Saved data entries:
(* Let $\mathcal{X}=\{1,\ldots,n\}$, let $p$ be a probability vector on $\mathcal{X}$ with all entries positive (the prior of $X$), with entries in non-increasing order $p_{[1]}\geq\cdots\geq p_{[n]}$, and let $k<n$ be a positive integer. Then the maximum over all feasible channels of the posterior guesswork entropy $H(X\mid Y)=\sum_{y:\,p(y)>0}p(y)\sum_{i=1}^{n}i\,(p_{X\mid y})_{[i]}$ equals $$\min_{1\leq j\leq k}\Big\{\sum_{i=1}^{j-1}i\,p_{[i]}+\Big(1-\sum_{i=1}^{j-1}p_{[i]}\Big)\frac{k+j}{2}\Big\}.$$
   Context: $q_{[i]}$ denotes the $i$-th largest entry of a vector $q$, and $p_{X\mid y}=(p(x\mid y))_{x\in\mathcal{X}}$. A channel is a discrete output set $\mathcal{Y}$ with conditional probabilities $p(y\mid x)\geq0$, $\sum_y p(y\mid x)=1$; $Y$ is its output when the input is $X\sim p$, with $p(y)=\sum_x p(x)p(y\mid x)$ and $p(x\mid y)=p(x)p(y\mid x)/p(y)$. The pre-image of $y$ is $\{x:p(y\mid x)>0\}$; the channel is feasible if every pre-image has at most $k$ elements. *)

theory Defs
  imports "HOL-Analysis.Analysis"
begin

text \<open>Inputs are X = {1..n}; vectors on X are functions nat => real restricted to {1..n}.
  A channel is W :: nat => nat => real with W x y = p(y|x); the (discrete) output set is nat.\<close>

definition desc_entry :: "nat \<Rightarrow> (nat \<Rightarrow> real) \<Rightarrow> nat \<Rightarrow> real" where
  "desc_entry n q i = rev (sort (map q [1..<Suc n])) ! (i - 1)"

definition guesswork :: "nat \<Rightarrow> (nat \<Rightarrow> real) \<Rightarrow> real" where
  "guesswork n q = (\<Sum>i=1..n. real i * desc_entry n q i)"

definition is_channel :: "nat \<Rightarrow> (nat \<Rightarrow> nat \<Rightarrow> real) \<Rightarrow> bool" where
  "is_channel n W \<longleftrightarrow> (\<forall>x\<in>{1..n}. (\<forall>y. W x y \<ge> 0) \<and> ((\<lambda>y. W x y) has_sum 1) UNIV)"

definition preimage :: "nat \<Rightarrow> (nat \<Rightarrow> nat \<Rightarrow> real) \<Rightarrow> nat \<Rightarrow> nat set" where
  "preimage n W y = {x\<in>{1..n}. W x y > 0}"

definition feasible :: "nat \<Rightarrow> nat \<Rightarrow> (nat \<Rightarrow> nat \<Rightarrow> real) \<Rightarrow> bool" where
  "feasible n k W \<longleftrightarrow> is_channel n W \<and> (\<forall>y. card (preimage n W y) \<le> k)"

definition out_prob :: "nat \<Rightarrow> (nat \<Rightarrow> real) \<Rightarrow> (nat \<Rightarrow> nat \<Rightarrow> real) \<Rightarrow> nat \<Rightarrow> real" where
  "out_prob n p W y = (\<Sum>x=1..n. p x * W x y)"

definition posterior :: "nat \<Rightarrow> (nat \<Rightarrow> real) \<Rightarrow> (nat \<Rightarrow> nat \<Rightarrow> real) \<Rightarrow> nat \<Rightarrow> nat \<Rightarrow> real" where
  "posterior n p W y x = p x * W x y / out_prob n p W y"

definition cond_guesswork :: "nat \<Rightarrow> (nat \<Rightarrow> real) \<Rightarrow> (nat \<Rightarrow> nat \<Rightarrow> real) \<Rightarrow> real" where
  "cond_guesswork n p W =
     infsum (\<lambda>y. if out_prob n p W y > 0
                 then out_prob n p W y * guesswork n (posterior n p W y) else 0) UNIV"

definition bound_term :: "nat \<Rightarrow> nat \<Rightarrow> (nat \<Rightarrow> real) \<Rightarrow> nat \<Rightarrow> real" where
  "bound_term n k p j =
     (\<Sum>i=1..j-1. real i * desc_entry n p i)
     + (1 - (\<Sum>i=1..j-1. desc_entry n p i)) * ((real k + real j) / 2)"

end

theory Submission
  imports Defs
begin

(* Let rank(x) sort the vector q decreasingly; the guesswork of q is then the sum of rank(x) q(x),
   the least value of the sum of pos(x) q(x) over all injective assignments of guess positions pos
   to the support of q.

   Upper bound: fix j <= k and a feasible channel. In the column of an output y, guess the inputs of
   prior rank below j at their prior rank and let the other (at most k - j + 1) inputs of the column
   cycle through the free positions among 1..k. Averaged over the cycle, each of them is guessed at
   mean position at most (k + j)/2; summing over the outputs gives the j-th term of the minimum.

   Achievability: for the least j at which the tail mass r = p_[j] + ... + p_[n] is at least
   (k - j + 1) p_[j], every tail entry is at most r/(k - j + 1) and every head entry at least that.
   The tail of p is then a nonnegative combination of uniform vectors on (k - j + 1)-subsets
   (a point of a hypersimplex). Giving every such block its own output, which also shows the head
   of p, yields a feasible channel whose columns are sorted as the prior on the head, followed by a
   flat block at positions j..k, so the averaged bound is attained. *)

section \<open>Guesswork and sorting ranks\<close>

definition is_sorting_rank :: "nat \<Rightarrow> (nat \<Rightarrow> real) \<Rightarrow> (nat \<Rightarrow> nat) \<Rightarrow> bool" where
  "is_sorting_rank n q \<psi> \<longleftrightarrow> bij_betw \<psi> {1..n} {1..n} \<and>
     (\<forall>x\<in>{1..n}. \<forall>y\<in>{1..n}. \<psi> x < \<psi> y \<longrightarrow> q y \<le> q x)"

lemma sorting_rank_exists:
  obtains \<psi> where "is_sorting_rank n q \<psi>" and "\<forall>x\<in>{1..n}. desc_entry n q (\<psi> x) = q x"
proof -
  define zs where "zs = rev (sort_key q [1..<Suc n])"
  have zs: "distinct zs" "set zs = {1..n}" "length zs = n"
    by (auto simp: zs_def)
  have "sort (map q [1..<Suc n]) = map q (sort_key q [1..<Suc n])"
    by (rule properties_for_sort) simp_all
  then have "rev (sort (map q [1..<Suc n])) = map q zs"
    by (simp add: zs_def rev_map)
  then have desc: "desc_entry n q i = q (zs ! (i - 1))" if "i \<in> {1..n}" for i
  proof -
    have "i - 1 < length zs" using that zs(3) by auto
    then show ?thesis using \<open>rev _ = map q zs\<close> by (simp add: desc_entry_def)
  qed
  have antitone: "q (zs ! j) \<le> q (zs ! i)" if "i \<le> j" "j < n" for i j
    using sorted_rev_nth_mono[of "map q zs" i j] that zs by (simp add: zs_def rev_map)
  define \<tau> where "\<tau> i = zs ! (i - 1)" for i
  have "bij_betw (\<lambda>i. i - 1) {1..n} {..<n}"
    by (rule bij_betwI[where g = Suc]) auto
  then have \<tau>: "bij_betw \<tau> {1..n} {1..n}"
    unfolding \<tau>_def using bij_betw_nth[OF zs(1) _ zs(2)[symmetric]] zs(3)
    by (auto intro: bij_betw_trans[unfolded comp_def])
  define \<psi> where "\<psi> = the_inv_into {1..n} \<tau>"
  have \<psi>: "bij_betw \<psi> {1..n} {1..n}"
    unfolding \<psi>_def by (rule bij_betw_the_inv_into[OF \<tau>])
  have \<tau>\<psi>: "\<tau> (\<psi> x) = x" if "x \<in> {1..n}" for x
    unfolding \<psi>_def using f_the_inv_into_f_bij_betw[OF \<tau>] that by auto
  have \<psi>_range: "\<psi> x \<in> {1..n}" if "x \<in> {1..n}" for x
    using \<psi> that bij_betwE by blast
  show thesis
  proof
    show "is_sorting_rank n q \<psi>"
      unfolding is_sorting_rank_def
    proof (intro conjI \<psi> ballI impI)
      fix x y assume x: "x \<in> {1..n}" and y: "y \<in> {1..n}" and "\<psi> x < \<psi> y"
      then have "q (\<tau> (\<psi> y)) \<le> q (\<tau> (\<psi> x))"
        using antitone[of "\<psi> x - 1" "\<psi> y - 1"] \<psi>_range[OF x] \<psi>_range[OF y]
        unfolding \<tau>_def by auto
      then show "q y \<le> q x" using \<tau>\<psi>[OF x] \<tau>\<psi>[OF y] by simp
    qed
    show "\<forall>x\<in>{1..n}. desc_entry n q (\<psi> x) = q x"
      using desc \<psi>_range \<tau>\<psi> unfolding \<tau>_def by simp
  qed
qed

lemma bij_betw_filter:
  assumes "bij_betw \<psi> A B"
  shows "bij_betw \<psi> {x\<in>A. P (\<psi> x)} {i\<in>B. P i}"
  by (rule bij_betw_subset[OF assms]) (use assms in \<open>auto simp: bij_betw_def\<close>)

### YOUR OBJECTIVE
Filter the records above for the string "vectors" and copy each matching line.

### YOUR RESPONSE
text \<open>Inputs are X = {1..n}; vectors on X are functions nat => real restricted to {1..n}.
   The tail of p is then a nonnegative combination of uniform vectors on (k - j + 1)-subsets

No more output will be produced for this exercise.